Правило, установленное названным манифестом, – «чтобы никакой закон не мог восприять силу без одобрения Государственной Думы», – монархисты считали относящимся не к Верховной Власти, а к правительству. После 17 октября исполнительная власть лишена права подносить на утверждение Монарха законы, не прошедшие через Думу.
Впрочем, подобное правило существовало и прежде в ст. 50 старых Основных Законов: «Все предначертания законов рассматриваются в Г. Совете, потом восходят на Высочайшее усмотрение и не иначе поступают к предначертанному им совершению, как действием Самодержавной власти». Г. Совет, орган, подобный Г. Думе, существовал, ни один закон не мог его миновать, но эти ограничения не затрагивали существа Самодержавия. Потому нет существенной разницы между «напоминанием в манифесте 17 октября правительству его обязанности соблюдать законодательный порядок» и текстом старых Основных законов.
17 октября установлен лишь «новый путь осуществления Самодержавной Царской власти». К числу органов, через которых она действует, добавилась Г. Дума, только и всего.
Само по себе наличие народного представительства никак не ограничивает Самодержавную власть и даже является признаком исконно-русского образа правления – вспомним Земские соборы. Со времен Петра I «космополитическая и интернациональная бюрократия» – инородцы и космополиты – встали стеной между Царем и народом. Поэтому «старый режим» был не Самодержавием, а его «фокусническим подменом». Николай II решил уничтожить средостение, только и всего.
М.Меньшиков утверждал, что Г. Дума – не единственное и не высшее представительство народа.

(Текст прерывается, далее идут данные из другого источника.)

(* Let $(u_n)_{n \geq 1}$ be a virtual isometry. For $n \geq 1$ let $x_n := u_n(e_n)$, let $(f^{(n)}_k)_{1\le k\le n}$ be an orthonormal basis of $\mathbb{C}^n$ consisting of eigenvectors of $u_n$ with corresponding eigenvalues $(\lambda^{(n)}_k)_{1\le k\le n}$, let $P_n(z) := \det(z\,\mathrm{Id}_n - u_n)$, and write $x_{n+1} = \sum_{k=1}^n \mu^{(n)}_k f^{(n)}_k + \nu_n e_{n+1}$. Then for every $n \geq 1$ such that $x_{n+1} \neq e_{n+1}$, one has $\nu_n \neq 1$ and, for all $z \notin \{\lambda^{(n)}_1,\dots,\lambda^{(n)}_n\}$, $$P_{n+1}(z) = \frac{P_n(z)}{\overline{\nu_n} - 1}\left[(z - \nu_n)(\overline{\nu_n} - 1) - (z-1)\sum_{k=1}^n |\mu^{(n)}_k|^2 \frac{\lambda^{(n)}_k}{z - \lambda^{(n)}_k}\right].$$
   Context: Let $(e_k)$ be the canonical basis of $\ell^2$; identify $\mathbb{C}^n$ with the span of $e_1,\dots,e_n$ (so $\mathbb{C}^n\subset\mathbb{C}^{n+1}$) and $U(n)$ with the unitary operators fixing every $e_k$, $k>n$. For $n\ge m\ge1$ and $u\in U(n)$, $\pi_{n,m}(u)$ is the unique $v\in U(m)$ such that the range of $u-v$ is contained in $(u-\mathrm{Id})(\mathrm{span}\{e_k:k>m\})$ (existence and uniqueness are known). A virtual isometry is a sequence $(u_n)_{n\ge1}$ with $u_n\in U(n)$ and $\pi_{n+1,n}(u_{n+1})=u_n$ for all $n\ge1$. *)

theory Defs
  imports Complex_Main "Jordan_Normal_Form.Determinant" "Jordan_Normal_Form.Conjugate"
begin

text \<open>Conventions: a finite-rank operator on l2 fixing e_k for k > N is represented by its
  N x N block (a complex matrix, 0-based indices, so paper's e_k is unit_vec N (k-1)).\<close>

definition adjoint_mat :: "complex mat \<Rightarrow> complex mat" where
  "adjoint_mat A = mat (dim_col A) (dim_row A) (\<lambda>(i,j). cnj (A $$ (j,i)))"

definition unitary_mat :: "nat \<Rightarrow> complex mat \<Rightarrow> bool" where
  "unitary_mat n U \<longleftrightarrow> U \<in> carrier_mat n n \<and> U * adjoint_mat U = 1\<^sub>m n \<and> adjoint_mat U * U = 1\<^sub>m n"
(* Let $C>0$ and let $\varphi_{0,i}(u,v,z)=r^{p_i}z^{q_i}$, $i=1,2$, where $r=\sqrt{u^2+v^2}$. Then for all $r_*>0$ sufficiently large, on $\mathcal{R}_0=\{(u,v,z): r\ge r_*,\ Cu\ge|v|,\ 0<z\le1\}$ one has $\mathcal{L}\varphi_{0,i}(u,v,z)\le-\gamma p_ir^{p_i}z^{q_i}-\frac{\beta_i}{2\sqrt{1+C^2}}r^{p_i+1}z^{q_i-2/3}$, $i=1,2$, and for all $(u,v,1)\in\mathcal{R}_0$, $\mathcal{Q}(\varphi_{0,1}+\varphi_{0,2})(u,v,1)\le-\left(\tfrac{q_2}{2}-\tfrac{p_2}{6}\right)r^{p_2}.$
   Context: Fix $\gamma>0$, $h\in(0,1)$, $\kappa_1,\kappa_2>0$ and $\alpha_h=\frac13+\frac23h$. Constants $p_i,q_i,\alpha_i,\beta_i$ ($i=1,2$) satisfy $p_1>0$, $p_2>0$, $q_1=0$, $q_2>0$, $0<\alpha_hp_i-(1-h)q_i=\beta_i<\alpha_i<1$, $q_2>\frac13p_2+\frac12\alpha_2$, $p_2>p_1$, $p_2+\frac32\alpha_2>p_1+\frac32\alpha_1$. On $\mathbb{R}\times\mathbb{R}\times(0,1]$ define the differential operators $\mathcal{L}=-\gamma u\partial_u-\gamma v\partial_v-\frac{\alpha_hu^2-v^2}{z^{2/3}}\partial_u-(\alpha_h+1)\frac{uv}{z^{2/3}}\partial_v+(1-h)uz^{1/3}\partial_z+\frac{\kappa_1}{z^{2/3}}\partial_u^2+\frac{\kappa_2}{z^{2/3}}\partial_v^2$, $\mathcal{Q}=\frac{u}{3z}\partial_u+\frac{v}{3z}\partial_v-\partial_z$ (these are the interior generator and boundary operator of the reflected system after the change of variables $u=xz^{-1/3}$, $v=yz^{-1/3}$). *)

theory Defs
  imports "HOL-Analysis.Analysis"
begin

definition pd_u :: "(real \<Rightarrow> real \<Rightarrow> real \<Rightarrow> real) \<Rightarrow> real \<Rightarrow> real \<Rightarrow> real \<Rightarrow> real" where
  "pd_u f u v z = deriv (\<lambda>s. f s v z) u"

definition pd_v :: "(real \<Rightarrow> real \<Rightarrow> real \<Rightarrow> real) \<Rightarrow> real \<Rightarrow> real \<Rightarrow> real \<Rightarrow> real" where
  "pd_v f u v z = deriv (\<lambda>s. f u s z) v"

definition pd_z :: "(real \<Rightarrow> real \<Rightarrow> real \<Rightarrow> real) \<Rightarrow> real \<Rightarrow> real \<Rightarrow> real \<Rightarrow> real" where
  "pd_z f u v z = deriv (\<lambda>s. f u v s) z"

definition pd_uu :: "(real \<Rightarrow> real \<Rightarrow> real \<Rightarrow> real) \<Rightarrow> real \<Rightarrow> real \<Rightarrow> real \<Rightarrow> real" where
  "pd_uu f u v z = deriv (\<lambda>s. deriv (\<lambda>t. f t v z) s) u"
(* Let $\mathcal H$ be a separable complex Hilbert space and $S_2$ the Hilbert space of Hilbert–Schmidt operators on $\mathcal H$ with $\langle\eta,\tau\rangle_2=\operatorname{tr}(\eta^*\tau)$. Let $A$ be a non-zero operator in $\mathcal B(S_2)$ given by $A\eta=a\eta b$ with $a,b\in\mathcal B(\mathcal H)$. If $A\ge0$, then there exist $\hat a,\hat b\in\mathcal B(\mathcal H)$ with $\hat a,\hat b\ge0$ such that $A\eta=\hat a\eta\hat b$ for all $\eta\in S_2$. Moreover, $\hat a,\hat b$ are positive (resp. positive definite) if $A$ is positive (resp. positive definite).
   Context: For a bounded operator $T$ on a Hilbert space: $T\ge0$ if $\langle x,Tx\rangle\ge0$ for all $x$; $T$ positive if $\langle x,Tx\rangle>0$ for all $x\ne0$; positive definite if $\inf\{\langle x,Tx\rangle:\|x\|=1\}>0$. Inner products are anti-linear in the left argument. *)

theory Defs
  imports "HOL-Analysis.Analysis" "HOL-Library.Complex_Order"
begin

text \<open>HOL-Analysis has only real inner product spaces, so complex ones are introduced
  here as type classes. The inner product is anti-linear in the LEFT argument.\<close>

class complex_vector = real_vector +
  fixes scaleC :: "complex \<Rightarrow> 'a \<Rightarrow> 'a" (infixr \<open>*\<^sub>C\<close> 75)
  assumes scaleC_add_right: "c *\<^sub>C (x + y) = c *\<^sub>C x + c *\<^sub>C y"
    and scaleC_add_left: "(c + d) *\<^sub>C x = c *\<^sub>C x + d *\<^sub>C x"
    and scaleC_scaleC: "c *\<^sub>C (d *\<^sub>C x) = (c * d) *\<^sub>C x"
    and scaleC_one: "1 *\<^sub>C x = x"
    and scaleR_scaleC: "scaleR r x = complex_of_real r *\<^sub>C x"
(* For every $k\ge2$ one has $[D^{(k)}_x,D^{(k)}_y]=0$ on $\mathcal E_k$, and also $[D^{( * )}_x,D^{( * )}_y]=0$ on $\mathcal E_*$.
   Context: Let $\mathcal E_1$ be the system $u_y+vu_x=\frac1{v-u}$, $v_y+uv_x=\frac1{u-v}$ with internal coordinates $x,y,u_i=\partial^iu/\partial x^i$, $v_i=\partial^iv/\partial x^i$ ($i\ge0$) and total derivatives $D_x=\partial_x+\sum_i(u_{i+1}\partial_{u_i}+v_{i+1}\partial_{v_i})$, $D_y=\partial_y+\sum_i\big(D_x^i(\tfrac1{v-u}-vu_1)\partial_{u_i}+D_x^i(\tfrac1{u-v}-uv_1)\partial_{v_i}\big)$. Let $\sigma_m=\sum_{i+j=m}u^iv^j$, $\psi^{(1)}=y$, $\psi^{(2)}=x$, and let $\psi^{(k)}$, $k\ge3$, be new coordinates; for $k\ge2$ put $X^{(k)}=\sigma_{k-2}-\sum_{i=1}^{k-3}i\,\sigma_{k-i-3}\psi^{(i)}$ and for $k\ge3$ put $Y^{(k)}=-uv\,X^{(k-1)}-(k-2)\psi^{(k-2)}$. For $k\ge2$, $\mathcal E_k=\mathcal E_1\times\mathbb R^{k-1}$ has the additional coordinates $\psi^{(3)},\dots,\psi^{(k+1)}$ and the vector fields $D^{(k)}_x=D_x+\sum_{i=3}^{k+1}X^{(i)}\partial/\partial\psi^{(i)}$, $D^{(k)}_y=D_y+\sum_{i=3}^{k+1}Y^{(i)}\partial/\partial\psi^{(i)}$; $\mathcal E_*$ is the inverse limit (all $\psi^{(k)}$, $k\ge3$) with $D^{( * )}_x,D^{( * )}_y$ defined by the infinite sums. *)

theory Defs
  imports "HOL-Analysis.Analysis"
begin

text \<open>Internal coordinates of the (infinite) jet-type manifolds:
  x, y, u_i, v_i (i \<ge> 0) and the nonlocal coordinates psi^(k) (k \<ge> 3).
  On E_k only psi^(3..k+1) are relevant; the vector fields below have zero
  components along, and coefficients independent of, the remaining psi's.\<close>

datatype coord = CX | CY | CU nat | CV nat | CPsi nat

type_synonym pt = "coord \<Rightarrow> real"

type_synonym vfield = "coord \<Rightarrow> pt \<Rightarrow> real"

definition pderiv_coord :: "coord \<Rightarrow> (pt \<Rightarrow> real) \<Rightarrow> pt \<Rightarrow> real" where
  "pderiv_coord c f p = deriv (\<lambda>t. f (p(c := t))) (p c)"

definition apply_vf :: "vfield \<Rightarrow> (pt \<Rightarrow> real) \<Rightarrow> pt \<Rightarrow> real" where
  "apply_vf X f p = infsum (\<lambda>c. X c p * pderiv_coord c f p) UNIV"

Верховный представитель нации – Монарх. «В Г. Думе нашей депутаты представительствуют не власть народа, а скорее его верноподданничество, т.е. одинаковое с министрами подчинение Трону».

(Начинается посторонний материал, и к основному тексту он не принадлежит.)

lemma symp4_split_fst:
  assumes "symp4 A B (iscale N C) D"
  shows "symp4 (transpose A ** C) (iscale (- s) (mat 1) + iscale (t * det C) (transpose C ** B))
    (mat N) (iscale t (adjugate C ** D))"
proof (rule symp4_adjugateI)
  note NC = symp4_iscaleD[OF assms]
  show "det (mat N :: imat) \<noteq> 0" using N_nonzero by (simp add: det_mat_2)
  show "transpose A ** C ** adjugate (mat N) \<in> Lambda"
    using NC(1) by (simp add: adjugate_mat in_Lambda_iff matrix_transpose_mul)
  show "adjugate (mat N) ** iscale t (adjugate C ** D) \<in> Lambda"
    using NC(3) by (simp add: adjugate_mat Lambda_iscale)
  have "transpose A ** C ** (adjugate C ** D) = iscale (det C) (mat 1 + iscale N (transpose C ** B))"
    by (simp add: matrix_mul_assoc mult_adjugate_assoc flip: NC(5))
  then have "transpose A ** C ** adjugate (mat N) ** iscale t (adjugate C ** D) - transpose (adjugate (mat N))
      = iscale (N * t) (iscale (det C) (mat 1 + iscale N (transpose C ** B))) - mat N"
    by (simp add: adjugate_mat matrix_mul_assoc mult_ac flip: matrix_mul_assoc)
  also have "\<dots> = iscale (det (mat N :: imat)) (iscale (- s) (mat 1) + iscale (t * det C) (transpose C ** B))"
    by (rule mat2_eqI; simp add: mat2_nth det_mat_2 power2_eq_square; use bezout in algebra)
  finally show "iscale (det (mat N :: imat)) (iscale (- s) (mat 1) + iscale (t * det C) (transpose C ** B))
      = transpose A ** C ** adjugate (mat N) ** iscale t (adjugate C ** D) - transpose (adjugate (mat N))"
    by (rule sym)
qed

lemma symp4_split_snd:
  assumes "symp4 A B (iscale N C) D"
  shows "symp4 (iscale N A) (iscale (s * N * N) B - iscale t (transpose (adjugate C))) C (iscale s D)"
proof (rule symp4_adjugateI[OF det_nonzero])
  note NC = symp4_iscaleD[OF assms]
  show "iscale N A ** adjugate C \<in> Lambda" "adjugate C ** iscale s D \<in> Lambda"
    using NC(2,3) by (simp_all add: Lambda_iscale)
  have "iscale N A ** adjugate C ** iscale s D - transpose (adjugate C)
      = iscale (N * s) (iscale (N * det C) B + transpose (adjugate C)) - transpose (adjugate C)"
    by (simp add: mult.commute flip: NC(4))
  also have "\<dots> = iscale (det C) (iscale (s * N * N) B - iscale t (transpose (adjugate C)))"
    by (rule mat2_eqI; simp add: mat2_nth; use bezout in algebra)
  finally show "iscale (det C) (iscale (s * N * N) B - iscale t (transpose (adjugate C)))
      = iscale N A ** adjugate C ** iscale s D - transpose (adjugate C)"
    by (rule sym)
qed

lemma split_in_Dset:
  assumes "D \<in> Dset (iscale N C)"
  shows "iscale t (adjugate C ** D) \<in> Dset (mat N)" "iscale s D \<in> Dset C"
proof -
  obtain A B where "symp4 A B (iscale N C) D" using assms by (auto simp: Dset_def)
  from symp4_split_fst[OF this] symp4_split_snd[OF this]
  show "iscale t (adjugate C ** D) \<in> Dset (mat N)" "iscale s D \<in> Dset C"
    by (auto simp: Dset_def)
qed

lemma Drel_split_iff:
  assumes D: "D \<in> Dset (iscale N C)" and D': "D' \<in> Dset (iscale N C)"
  shows "(D, D') \<in> Drel (iscale N C) \<longleftrightarrow>
    (iscale t (adjugate C ** D), iscale t (adjugate C ** D')) \<in> Drel (mat N) \<and>
    (iscale s D, iscale s D') \<in> Drel C"
proof
  assume "(D, D') \<in> Drel (iscale N C)"
  then obtain S where S: "S \<in> Lambda" "D' = D + iscale N C ** S"
    by (auto simp: Drel_def)
  have "iscale t (adjugate C ** D') = iscale t (adjugate C ** D) + mat N ** iscale (t * det C) S"
    by (simp add: S(2) matrix_add_ldistrib iscale_add matrix_mul_assoc adjugate_mult mult_ac)
  moreover have "iscale s D' = iscale s D + C ** iscale (s * N) S"
    by (simp add: S(2) iscale_add mult_ac)
  ultimately show "(iscale t (adjugate C ** D), iscale t (adjugate C ** D')) \<in> Drel (mat N) \<and>
      (iscale s D, iscale s D') \<in> Drel C"
    using split_in_Dset[OF D] split_in_Dset[OF D'] Lambda_iscale[OF S(1)] by (blast intro: DrelI)
next
  assume "(iscale t (adjugate C ** D), iscale t (adjugate C ** D')) \<in> Drel (mat N) \<and>
      (iscale s D, iscale s D') \<in> Drel C"
  then obtain S1 S2 where S1: "S1 \<in> Lambda" "iscale t (adjugate C ** D') = iscale t (adjugate C ** D) + mat N ** S1"
    and S2: "S2 \<in> Lambda" "iscale s D' = iscale s D + C ** S2"
    by (auto simp: Drel_def)
  have NS1: "iscale N S1 = iscale t (adjugate C ** (D' - D))"
    using S1(2) by (simp add: matrix_diff_ldistrib iscale_diff)
  have CS2: "C ** S2 = iscale s (D' - D)"
    using S2(2) by (simp add: iscale_diff)
  have "iscale N C ** (S1 + S2) = C ** iscale N S1 + iscale N (C ** S2)"
    by (simp add: matrix_add_ldistrib)
  also have "\<dots> = iscale (s * N + t * det C) (D' - D)"
    unfolding NS1 CS2 by (simp add: matrix_mul_assoc matrix_mult_adjugate iscale_add_left mult_ac add_ac)
  finally have "D' = D + iscale N C ** (S1 + S2)" by (simp add: bezout)
  then show "(D, D') \<in> Drel (iscale N C)"
    using D D' S1(1) S2(1) by (auto simp: Drel_def Lambda_add)
qed
(* Fix $\epsilon\in(0,1)$ and let $\theta(n)=\epsilon$ for all $n$. Then for all sufficiently large $n$ and every $\rho\in[0,c]$, the quantities $$T_i=\frac{e^{\rho i}\,b^{\binom i2}\,k^2\,a!^2}{n^i\,i!\,(a-i)!^2}$$ satisfy $T_i\le n^{-c_5}$ for all $3\le i\le\lceil n/k\rceil-1$, and $T_i\le n^{1-c_5}$ for $i\in\{2,\lceil n/k\rceil\}$.
   Context: Let $p\in(0,1)$ be constant, $q=1-p$, $b=1/q$, $\log$ natural logarithm, $\gamma=2\log_b n-2\log_b\log_b n-2\log_b 2$, $\Delta=\gamma-\lfloor\gamma\rfloor$, $a=\lfloor\gamma\rfloor+1$, and $x_0=x_0(n)$ the smallest nonnegative $x$ with $(1-\Delta+x)\log_b(1-\Delta+x)+(1-\Delta)(\Delta-x)/2\le0$. Let $k=\lceil n/(\gamma-x_0-\epsilon)\rceil$. Let $c_2=-\frac{(1-\epsilon)\log(1-\epsilon)}{\epsilon}\in(0,1)$, $c=\frac{1-c_2}{2}\in(0,\frac12)$, and $c_5=\min\{\frac1{10},\frac{c}{2\log b},\frac{1-c}{2\log b}\}$. *)

theory Defs
  imports "HOL-Analysis.Analysis"
begin

text \<open>Parameters: p in (0,1) (edge probability), eps in (0,1). q = 1 - p, b = 1/q.\<close>

definition bb :: "real \<Rightarrow> real" where
  "bb p = 1 / (1 - p)"

definition gam :: "real \<Rightarrow> nat \<Rightarrow> real" where
  "gam p n = 2 * log (bb p) (real n) - 2 * log (bb p) (log (bb p) (real n))
             - 2 * log (bb p) 2"

definition Dlt :: "real \<Rightarrow> nat \<Rightarrow> real" where
  "Dlt p n = gam p n - of_int \<lfloor>gam p n\<rfloor>"

definition aa :: "real \<Rightarrow> nat \<Rightarrow> nat" where
  "aa p n = nat (\<lfloor>gam p n\<rfloor> + 1)"

text \<open>x0(n): smallest nonnegative x with the stated inequality (the set is closed and contains Delta).\<close>
definition x0 :: "real \<Rightarrow> nat \<Rightarrow> real" where
  "x0 p n = Inf {x. 0 \<le> x \<and>
      (1 - Dlt p n + x) * log (bb p) (1 - Dlt p n + x)
        + (1 - Dlt p n) * (Dlt p n - x) / 2 \<le> 0}"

Таким образом, манифест 17 октября переворачивался монархистами с ног на голову, а конституционные толкования этого акта «революционерами, космополитами и инородцами» объявлялись «совершенно произвольными». «Недоговоренность» же «вкралась» потому, что «время издания Манифеста совпало со смутой и нахождением у власти тайных врагов Самодержавия, которые, сгорая честолюбием, затеяли ограничить Царскую власть».
Далее, Манифест 20 февраля 1906 г. тоже не упоминал о каком-либо изменении существа Самодержавной власти и толковался монархистами в благоприятном для них смысле. «Самодержавие на Руси сохранено, – писало «Русское знамя». – Вот глубоко-важный смысл этого манифеста, отныне ставшего основанием дальнейшей жизни Русского государства и примирившего возвещенные манифестом 17 октября начала свободы с историческим укладом русской государственной жизни!».

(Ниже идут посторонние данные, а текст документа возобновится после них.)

lemma valid_path_leftmost_offset_increases:
  assumes lp: "lattice_path P" and val: "valid_path r s P" and rs: "0 \<le> r" "0 \<le> s"
    and rows: "\<And>z. y \<le> z \<Longrightarrow> z \<le> y + int n * s \<Longrightarrow> row P z \<noteq> {}"
    and "leftmost P y < leftmost P (y + int a * s) - int a * r" and "a < n"
  shows "leftmost P (y + int a * s) - int a * r < leftmost P (y + int n * s) - int n * r"
proof -
  define Y where "Y k = y + int k * s" for k
  define f where "f k = leftmost P (Y k) - int k * r" for k
  have Y_Suc: "Y (Suc k) = Y k + s" for k unfolding Y_def by (simp add: algebra_simps)
  have Y_range: "y \<le> Y k \<and> Y k \<le> y + int n * s" if "k \<le> n" for k
    using that rs unfolding Y_def by (simp add: mult_right_mono)
  have "f a < f n"
  proof (rule increase_persists[where E = "\<lambda>k. row_shift_east r s P (Y k)"])
    fix k assume "k < n"
    then have ne: "row P (Y k) \<noteq> {}" "row P (Y k + s) \<noteq> {}"
      using rows Y_range[of k] Y_range[of "Suc k"] Y_Suc[of k] by auto
    show "f (Suc k) \<le> f k \<or> row_shift_east r s P (Y k)"
      using valid_path_leftmost_dichotomy[OF lp val rs ne]
      unfolding f_def Y_Suc row_shift_east_def by (simp add: algebra_simps)
    show "row_shift_east r s P (Y k) \<Longrightarrow> f k < f (Suc k)"
      using leftmost_le_rightmost[OF ne(1)]
      unfolding f_def Y_Suc row_shift_east_def by (simp add: algebra_simps)
  next
    fix k assume "row_shift_east r s P (Y k)" "Suc k < n"
    then show "row_shift_east r s P (Y (Suc k))"
      using row_shift_east_propagates[OF lp val rs, of "Y k" "Y (Suc k)"] rows
        Y_range[of k] Y_range[of "Suc (Suc k)"] Y_Suc rs by fastforce
  qed (use assms(6,7) in \<open>simp_all add: f_def Y_def\<close>)
  then show ?thesis unfolding f_def Y_def .
qed
lemma coupling_product:
  fixes m1 m2 :: "'a \<Rightarrow> real"
  assumes "\<forall>u. 0 \<le> m1 u" "\<forall>v. 0 \<le> m2 v" "sum m1 (supp m1) = 1" "sum m2 (supp m2) = 1"
  shows "coupling m1 m2 (\<lambda>u v. m1 u * m2 v)"
  using assms by (auto simp: coupling_def supp_def simp flip: sum_distrib_left sum_distrib_right)

lemma coupling_cost_ge_lipschitz:
  fixes m1 m2 f :: "'a \<Rightarrow> real"
  assumes A: "coupling m1 m2 A" and fin: "finite (supp m1)" "finite (supp m2)"
    and f: "\<forall>u\<in>supp m1. \<forall>v\<in>supp m2. f u - f v \<le> real (gdist E u v)"
  shows "(\<Sum>u\<in>supp m1. f u * m1 u) - (\<Sum>v\<in>supp m2. f v * m2 v)
    \<le> (\<Sum>(u, v)\<in>supp m1 \<times> supp m2. A u v * real (gdist E u v))"
proof -
  have A_nonneg: "\<And>u v. 0 \<le> A u v"
    and rows: "\<And>u. u \<in> supp m1 \<Longrightarrow> (\<Sum>v\<in>supp m2. A u v) = m1 u"
    and cols: "\<And>v. v \<in> supp m2 \<Longrightarrow> (\<Sum>u\<in>supp m1. A u v) = m2 v"
    using A by (auto simp: coupling_def)
  have "(\<Sum>u\<in>supp m1. f u * m1 u) = (\<Sum>u\<in>supp m1. \<Sum>v\<in>supp m2. f u * A u v)"
    by (intro sum.cong) (simp_all add: rows flip: sum_distrib_left)
  moreover have "(\<Sum>v\<in>supp m2. f v * m2 v) = (\<Sum>u\<in>supp m1. \<Sum>v\<in>supp m2. f v * A u v)"
    by (subst sum.swap, intro sum.cong) (simp_all add: cols flip: sum_distrib_left)
  moreover have "(\<Sum>u\<in>supp m1. \<Sum>v\<in>supp m2. A u v * (f u - f v))
      \<le> (\<Sum>u\<in>supp m1. \<Sum>v\<in>supp m2. A u v * gdist E u v)"
    using f A_nonneg by (intro sum_mono mult_left_mono) auto
  ultimately show ?thesis
    by (simp add: sum.cartesian_product algebra_simps sum_subtractf)
qed

lemma transport_ge_lipschitz:
  fixes m1 m2 f :: "'a \<Rightarrow> real"
  assumes "coupling m1 m2 A" "finite (supp m1)" "finite (supp m2)"
    and "\<forall>u\<in>supp m1. \<forall>v\<in>supp m2. f u - f v \<le> real (gdist E u v)"
  shows "(\<Sum>u\<in>supp m1. f u * m1 u) - (\<Sum>v\<in>supp m2. f v * m2 v) \<le> transport E m1 m2"
  unfolding transport_def
  using assms by (intro cInf_greatest) (auto intro: coupling_cost_ge_lipschitz)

Манифест 23.IV.1906, сопровождавший опубликование новых Основных Законов, содержал знаменательные для монархистов слова: «Установив новые пути, по которым будет проявляться Самодержавная власть Всероссийских Монархов в делах законодательства, Мы утвердили Манифестом 20 февраля сего года порядок участия выборных от народа». Наконец, опровергался и четкий конституционный смысл самих Основных Законов, оставивших за Монархом «Верховную самодержавную власть» (ст. 4), которая, следовательно, при необходимости «может стать выше закона». Провозглашенное в ст. 7 «единение» с законодательными учреждениями, в котором Государю надлежало осуществлять законодательную власть, еще не означает равноправия всех трех органов и разделения между ними власти Верховной – источника всех властей. «Г. Совет и Г. Дума – суть создания Государя Императора, они существуют только в силу его велений». «Единение» сводится лишь к тому, что обеим законодательным палатам предписывается обсуждение законодательных предположений, восходящих на утверждение Верховной самодержавной власти (первые статьи Учреждений Г. Совета и Г. Думы). Таким же образом толковалась ст. 86. Даже сохранение слова «неограниченный» в ст. 222 Зак. Осн. использовалось монархистами как аргумент в свою пользу.